Hirzebruch classes and motivic Chern classes for singular (complex) algebraic varieties

In this paper we study some new theories of characteristic homology classes for singular complex algebraic varieties. First we introduce a natural transformation T_{y}: K_{0}(var/X) -> H_{*}(X,Q)[y] commuting with proper pushdown, which generalizes the corresponding Hirzebruch characteristic. Here K_{0}(var/X) is the relative Grothendieck group of complex algebraic varieties over X as introduced and studied by Looijenga and Bittner in relation to motivic integration. T_{y} is a homology class version of the motivic measure corresponding to a suitable specialization of the well known Hodge polynomial. This transformation unifies the Chern class transformation of MacPherson and Schwartz (for y=-1) and the Todd class transformation in the singular Riemann-Roch theorem of Baum-Fulton-MacPherson (for y=0).

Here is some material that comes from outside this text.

(* Let $\mathcal{M}_1=(\Sigma,\Gamma,\mathcal{H}_1,U^{(1)},M^{(1)})$ and $\mathcal{M}_2=(\Sigma,\Gamma,\mathcal{H}_2,U^{(2)},M^{(2)})$ be QMMs with initial density operators $\rho_1,\rho_2$, $n_1=\dim\mathcal{H}_1$, $n_2=\dim\mathcal{H}_2$, $n=n_1^2+n_2^2$. Then $(\mathcal{M}_1,\rho_1)\sim(\mathcal{M}_2,\rho_2)$ if and only if there exist a complex $n\times n$ matrix $F$ and complex $n\times n$ matrices $A_c$ for each $c\in\Sigma\cup\Gamma$ such that: (1) the first column of $F$ is $\begin{bmatrix}\vec\rho_1\\ \vec\rho_2\end{bmatrix}$; (2) $\eta^\dagger F=0$, where $\eta=\begin{bmatrix}\eta_{n_1}\\ -\eta_{n_2}\end{bmatrix}$; (3) for every $c\in\Sigma$: $\begin{bmatrix}\hat U^{(1)}_c&0\\0&\hat U^{(2)}_c\end{bmatrix}F=FA_c$; (4) for every $c\in\Gamma$: $\begin{bmatrix}\hat M^{(1)}_c&0\\0&\hat M^{(2)}_c\end{bmatrix}F=FA_c$.
   Context: A quantum Mealy machine (QMM) is a tuple $\mathcal{M}=(\Sigma,\Gamma,\mathcal{H},U,M)$ where $\Sigma,\Gamma$ are finite alphabets, $\mathcal{H}$ a finite-dimensional complex Hilbert space, $U=\{U_\sigma\}_{\sigma\in\Sigma}$ unitary operators on $\mathcal{H}$, $M=\{M_\gamma\}_{\gamma\in\Gamma}$ linear operators with $\sum_\gamma M_\gamma^\dagger M_\gamma=I$. For a word $a$, $|a|$ is its length, $a[l:r]=a[l]\cdots a[r]$ (empty if $l>r$), $U_a=U_{a[|a|]}\cdots U_{a[1]}$, $U_\epsilon=I$. A scheduler for $a\in\Sigma^*$ is a finite non-decreasing integer sequence $\mathcal{S}=(s_1\le\dots\le s_{|\mathcal{S}|})$ in $\{0,\dots,|a|\}$ (possibly empty). With $s_0=0$, $s_{|\mathcal{S}|+1}=|a|$, $a_i=a[s_{i-1}+1:s_i]$. For $b\in\Gamma^{|\mathcal{S}|}$, $V_{b|a,\mathcal{S}}=U_{a_{|\mathcal{S}|+1}}M_{b_{|\mathcal{S}|}}U_{a_{|\mathcal{S}|}}\cdots M_{b_1}U_{a_1}$ and $\Pr^{\mathcal{M}}_\rho(b|a,\mathcal{S})=\operatorname{tr}(V_{b|a,\mathcal{S}}\rho V_{b|a,\mathcal{S}}^\dagger)$. $(\mathcal{M}_1,\rho_1)\sim(\mathcal{M}_2,\rho_2)$ means $\Pr^{\mathcal{M}_1}_{\rho_1}(b|a,\mathcal{S})=\Pr^{\mathcal{M}_2}_{\rho_2}(b|a,\mathcal{S})$ for all $a\in\Sigma^*$, schedulers $\mathcal{S}$ for $a$, and $b\in\Gamma^{|\mathcal{S}|}$. For a $d\times d$ matrix $\rho$, its vectorization $\vec\rho\in\mathbb{C}^{d^2}$ has entries $\vec\rho_{(i-1)d+j}=\rho_{ij}$; for a $d\times d$ matrix $A$, $\hat A$ is the $d^2\times d^2$ matrix with $\hat A_{(i-1)d+j,(x-1)d+y}=A_{ix}\overline{A_{jy}}$ (so $\overrightarrow{A\rho A^\dagger}=\hat A\vec\rho$); $\eta_d\in\mathbb{C}^{d^2}$ is the vectorization of the trace, $(\eta_d)_{(i-1)d+j}=\delta_{ij}$ (so $\operatorname{tr}\rho=\eta_d^\dagger\vec\rho$). *)

theory Defs
  imports "Jordan_Normal_Form.Matrix" Complex_Main
begin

In fact, T_{y} is the composition of a generalized version of this Todd class transformation due to Yokura, and a new motivic Chern class transformation mC_{*}: K_{0}(var/X)-> G_{0}(X)[y], which generalizes the total lambda-class of the cotangent bundle to singular spaces. Here G_{0}(X) is the Grothendieck group of coherent sheaves, and the construction of mC_{*} is based on some results from the theory of algebraic mixed Hodge modules due to M.Saito. In the final part of the paper we use the algebraic cobordism theory of Levine and Morel to lift mC_{*} further up to a natural transformation mC'_{*} from K_{0}(var/X) to a suitable universal Borel-Moore weak homology theory. Moreover, all our results can be extended to varieties over a base field k, which can be embedded into the complex numbers.